Ventricular assist device 1000 may supplement heart function. Ventricular assist device 1000 may provide pulsatile flow. Ventricular assist device 1000 is free of rotating elements that may damage red blood cells.
Ventricular assist device 1000 may include a pumping pouch 1100. Pumping pouch 1100 may have a longitudinal axis 1100 x.
Pumping pouch 1100 may be flexible. Pumping pouch 1100 may be at least in part impermeable and/or semi-permeable to blood. Pumping pouch 1100 may be at least in part made of an inelastic material and/or an elastic material. Pumping pouch 1100 may be made of expanded polytetrafluoroethylene (ePTFE) and/or any other suitable material.
Pumping pouch 1100 may have an opening 1110. Opening 1110 may be circular, elliptical, or any other suitable shape. Opening 1110 may be as wide as the widest part of pumping pouch 1100.

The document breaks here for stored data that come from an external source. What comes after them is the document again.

lemma ypart_wedge_e_self:
  assumes "avoids j y"
  shows "ypart j (wedge_e j y) = y"
proof
  fix S
  show "ypart j (wedge_e j y) S = y S"
  proof (cases "j \<in> S")
    case True
    with assms show ?thesis by (auto simp: ypart_def avoids_def)
  next
    case False
    then have "insert j S - {j} = S" by auto
    with False show ?thesis
      by (simp add: ypart_def wedge_e_def power_mult_distrib[symmetric] flip: mult.assoc)
  qed
qed

lemma Nshift_avoids:
  assumes "avoids j a"
  shows "Nshift j i a = a"
  unfolding Nshift_def Let_def xpart_avoids[OF assms] ypart_avoids[OF assms] by simp

lemma Nshift_zero [simp]: "Nshift j i 0 = 0"
  by (simp add: Nshift_avoids)

lemma Nshift_add_wedge_e_self:
  assumes "avoids j a" "avoids j y"
  shows "Nshift j i (a + wedge_e j y) =
           (if a + wedge_e i y = 0 then wedge_e j y else a + wedge_e i y)"
  using assms
  by (simp add: Nshift_def Let_def xpart_add ypart_add xpart_avoids ypart_avoids
      xpart_wedge_e_self ypart_wedge_e_self)

lemma Nshift_mem_Nshift_space: "m \<in> L \<Longrightarrow> Nshift j i m \<in> Nshift_space j i L"
  by (cases "m = 0") (auto simp: Nshift_space_def intro: ext.span_base ext.span_zero)
lemma subgradient_step_recursion_le:
  fixes \<mu> L \<rho> \<gamma> d s :: real
  assumes "0 \<le> d" "d \<le> s" "\<rho> * s \<le> \<gamma> * \<mu>" "0 < L" "0 \<le> \<mu>" "0 \<le> \<gamma>" "(\<mu> / L)\<^sup>2 \<le> 1 / 2"
  shows "d\<^sup>2 - 2 * (\<mu> / L * s) * (\<mu> * d - \<rho> / 2 * d\<^sup>2) / L + (\<mu> / L * s)\<^sup>2
           \<le> s\<^sup>2 * (1 - (1 - \<gamma>) * (\<mu> / L)\<^sup>2)"
proof -
  define \<tau> where "\<tau> = \<mu> / L"
  have "\<tau> * (\<rho> * s) / L \<le> \<tau> * (\<gamma> * \<mu>) / L"
    using assms by (intro divide_right_mono mult_left_mono) (auto simp: \<tau>_def)
  then have "\<tau> * s * \<rho> / L * d\<^sup>2 \<le> \<gamma> * \<tau>\<^sup>2 * d\<^sup>2"
    by (intro mult_right_mono) (auto simp: \<tau>_def power2_eq_square algebra_simps)
  moreover have "d\<^sup>2 - 2 * (\<tau> * s) * (\<mu> * d - \<rho> / 2 * d\<^sup>2) / L + (\<tau> * s)\<^sup>2
      = d\<^sup>2 - 2 * \<tau>\<^sup>2 * s * d + \<tau> * s * \<rho> / L * d\<^sup>2 + \<tau>\<^sup>2 * s\<^sup>2"
    using assms(4) by (simp add: \<tau>_def field_simps power2_eq_square)
  ultimately show ?thesis
    using quadratic_contraction_le[of d s \<tau> \<gamma>] assms unfolding \<tau>_def[symmetric] by linarith
qed

lemma stepsize_parameters:
  fixes \<epsilon> \<rho> \<mu> L \<gamma> q :: real
  assumes pos: "0 < \<epsilon>" "0 < \<rho>" "0 < \<mu>" "0 < L" and \<tau>: "\<mu> / L \<le> 1 / sqrt 2"
    and \<gamma>: "\<gamma> = \<epsilon> * \<rho> / (4 * L + \<epsilon> * \<rho>)" and q: "q = sqrt (1 - (1 - \<gamma>) * (\<mu> / L)\<^sup>2)"
  shows "0 < \<gamma>" "\<gamma> < 1" "(\<mu> / L)\<^sup>2 \<le> 1 / 2" "0 < q" "q < 1" "q\<^sup>2 = 1 - (1 - \<gamma>) * (\<mu> / L)\<^sup>2"
    and "\<gamma> * \<mu>\<^sup>2 / (\<rho> * L) / (1 - q) \<le> \<epsilon> / 2" "\<gamma> * \<mu> / \<rho> \<le> \<epsilon> / 4"
proof -
  have den: "0 < 4 * L + \<epsilon> * \<rho>" using pos by (simp add: add_pos_pos)
  show \<gamma>0: "0 < \<gamma>" and \<gamma>1: "\<gamma> < 1" using den pos by (simp_all add: \<gamma>)
  have "(\<mu> / L)\<^sup>2 \<le> (1 / sqrt 2)\<^sup>2" using \<tau> pos by (intro power_mono) auto
  then show \<tau>2: "(\<mu> / L)\<^sup>2 \<le> 1 / 2" by (simp add: power_divide)
  then have \<tau>1: "\<mu> / L \<le> 1" using power2_le_imp_le[of "\<mu> / L" 1] by simp
  define c where "c = (1 - \<gamma>) * (\<mu> / L)\<^sup>2"
  have c0: "0 < c" using \<gamma>1 pos by (simp add: c_def)
  have "c \<le> (\<mu> / L)\<^sup>2" using \<gamma>0 mult_right_mono[of "1 - \<gamma>" 1 "(\<mu> / L)\<^sup>2"] by (simp add: c_def)
  then have c1: "c \<le> 1 / 2" using \<tau>2 by simp
  have q_c: "q = sqrt (1 - c)" by (simp add: q c_def)
  show "0 < q" using c1 by (simp add: q_c)
  show "q\<^sup>2 = 1 - (1 - \<gamma>) * (\<mu> / L)\<^sup>2" using c1 by (simp add: q_c c_def)
  have "q \<le> sqrt ((1 - c / 2)\<^sup>2)"
    unfolding q_c by (rule real_sqrt_le_mono) (simp add: power2_eq_square algebra_simps)
  then have "q \<le> 1 - c / 2" using c1 by simp
  then show q1: "q < 1" using c0 by simp
  have "1 - \<gamma> = 4 * L / (4 * L + \<epsilon> * \<rho>)"
    using den by (simp add: \<gamma> field_simps)
  then have \<gamma>_ratio: "\<gamma> / (1 - \<gamma>) = \<epsilon> * \<rho> / (4 * L)"
    using den pos by (simp add: \<gamma>)
  have "\<gamma> * \<mu>\<^sup>2 / (\<rho> * L) / (1 - q) \<le> \<gamma> * \<mu>\<^sup>2 / (\<rho> * L) / (c / 2)"
    using \<open>q \<le> 1 - c / 2\<close> q1 c0 \<gamma>0 pos by (intro divide_left_mono) auto
  also have "\<dots> = 2 * (\<gamma> / (1 - \<gamma>)) * L / \<rho>"
    using \<gamma>1 pos by (simp add: c_def power2_eq_square field_simps)
  also have "\<dots> = \<epsilon> / 2"
    using pos by (simp add: \<gamma>_ratio)
  finally show "\<gamma> * \<mu>\<^sup>2 / (\<rho> * L) / (1 - q) \<le> \<epsilon> / 2" .
  have "\<gamma> * \<mu> / \<rho> = \<epsilon> * \<mu> / (4 * L + \<epsilon> * \<rho>)" using pos by (simp add: \<gamma>)
  also have "\<dots> \<le> \<epsilon> * \<mu> / (4 * L)" using pos den by (intro divide_left_mono) auto
  also have "\<dots> = \<epsilon> / 4 * (\<mu> / L)" by simp
  also have "\<dots> \<le> \<epsilon> / 4" using \<tau>1 pos by (intro mult_left_le) auto
  finally show "\<gamma> * \<mu> / \<rho> \<le> \<epsilon> / 4" .
qed

locale local_regularity =
  fixes f :: "'a::euclidean_space \<Rightarrow> real" and X :: "'a set" and xbar :: 'a and \<epsilon> \<mu> \<rho> :: real
  assumes closed: "closed X" and convex: "convex X" and f_cont: "continuous_on UNIV f"
    and xbar_in: "xbar \<in> argmin_on f X"
    and eps_pos: "\<epsilon> > 0" and mu_pos: "\<mu> > 0" and rho_pos: "\<rho> > 0"
    and weak_convex: "\<And>x y \<zeta>. x \<in> X \<inter> cball xbar \<epsilon> \<Longrightarrow> y \<in> X \<inter> cball xbar \<epsilon> \<Longrightarrow>
          \<zeta> \<in> frechet_subdiff f x \<Longrightarrow> f y \<ge> f x + \<zeta> \<bullet> (y - x) - \<rho> / 2 * (norm (y - x))\<^sup>2"
    and sharp: "\<And>x. x \<in> X \<inter> cball xbar \<epsilon> \<Longrightarrow>
          f x - Inf (f ` X) \<ge> \<mu> * infdist x (argmin_on f X)"
begin

abbreviation Xstar :: "'a set" where
  "Xstar \<equiv> argmin_on f X"

lemma Xstar_eq: "Xstar = X \<inter> {z. f z \<le> f xbar}"
  using xbar_in unfolding argmin_on_def by (auto intro: order_trans)

lemma closed_Xstar: "closed Xstar"
  unfolding Xstar_eq by (intro closed_Int closed closed_Collect_le f_cont continuous_on_const)

lemma Xstar_nonempty: "Xstar \<noteq> {}"
  using xbar_in by auto

lemma Inf_eq_min_value: "Inf (f ` X) = f xbar"
  using xbar_in unfolding argmin_on_def by (intro cInf_eq_minimum) auto

lemma nearest_minimizer_inner_ge:
  assumes x: "x \<in> X" and \<zeta>: "\<zeta> \<in> frechet_subdiff f x" and near: "dist xbar x + infdist x Xstar \<le> \<epsilon>"
  obtains y where "y \<in> Xstar" "dist x y = infdist x Xstar"
    "\<mu> * infdist x Xstar - \<rho> / 2 * (infdist x Xstar)\<^sup>2 \<le> \<zeta> \<bullet> (x - y)"
proof -
  obtain y where y: "y \<in> Xstar" and dy: "infdist x Xstar = dist x y"
    using infdist_attains_inf[OF closed_Xstar Xstar_nonempty] by blast
  have "dist xbar y \<le> \<epsilon>" using dist_triangle[of xbar y x] near dy by linarith
  then have y_ball: "y \<in> X \<inter> cball xbar \<epsilon>" using y unfolding argmin_on_def by auto
  have x_ball: "x \<in> X \<inter> cball xbar \<epsilon>" using x near infdist_nonneg[of x Xstar] by auto
  have "f y = f xbar" using y Xstar_eq xbar_in unfolding argmin_on_def by (auto intro: antisym)
  moreover have "norm (y - x) = infdist x Xstar" by (simp add: dy dist_norm norm_minus_commute)
  then have "f x - \<zeta> \<bullet> (x - y) - \<rho> / 2 * (infdist x Xstar)\<^sup>2 \<le> f y"
    using weak_convex[OF x_ball y_ball \<zeta>] by (simp add: inner_diff_right)
  ultimately have "\<mu> * infdist x Xstar - \<rho> / 2 * (infdist x Xstar)\<^sup>2 \<le> \<zeta> \<bullet> (x - y)"
    using sharp[OF x_ball] Inf_eq_min_value by linarith
  with that y dy show thesis by simp
qed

Opening 1110 may be pointed at the aortic valve when ventricular assist device 1000 is placed in the left ventricle. Opening 1110 may be pointed at the pulmonary valve when ventricular assist device 1000 is placed in the right ventricle.
Pumping pouch 1100 may define an internal volume 1100 v. Internal volume 1100 v may be configured to fill with blood in through opening 1110.
Pumping pouch 1100 may include an upper portion 1100 a and a lower portion 1100 b. Pumping pouch 1100 may be wider at upper portion 1100 a and narrower at lower portion 1100 b. Pumping pouch 1100 may be the same width from upper portion 1100 a to lower portion 1100 b.
Pumping pouch 1100 may have a horizontal cross section that is uniform, or changes in size and/or shape from upper portion 1100 a to lower portion 1100 b. Pumping pouch 1100 may have a horizontal cross section that is one or more of circular, elliptical, and any other suitable shape.
Pumping pouch 1100 may include a side wall 1120. Side wall 1120 may include an inner layer 1121 and an outer layer 1122.
Pumping pouch 1100 may include a bottom wall 1130. Bottom wall 1130 may include an inner layer 1131 and an outer layer 1132.
Bottom wall 1130 may be flat, rounded, or cone-shaped. Bottom wall 1130 may be parallel to or angled to opening 1110. Bottom wall 1130 may be circular, elliptical, or any other suitable shape.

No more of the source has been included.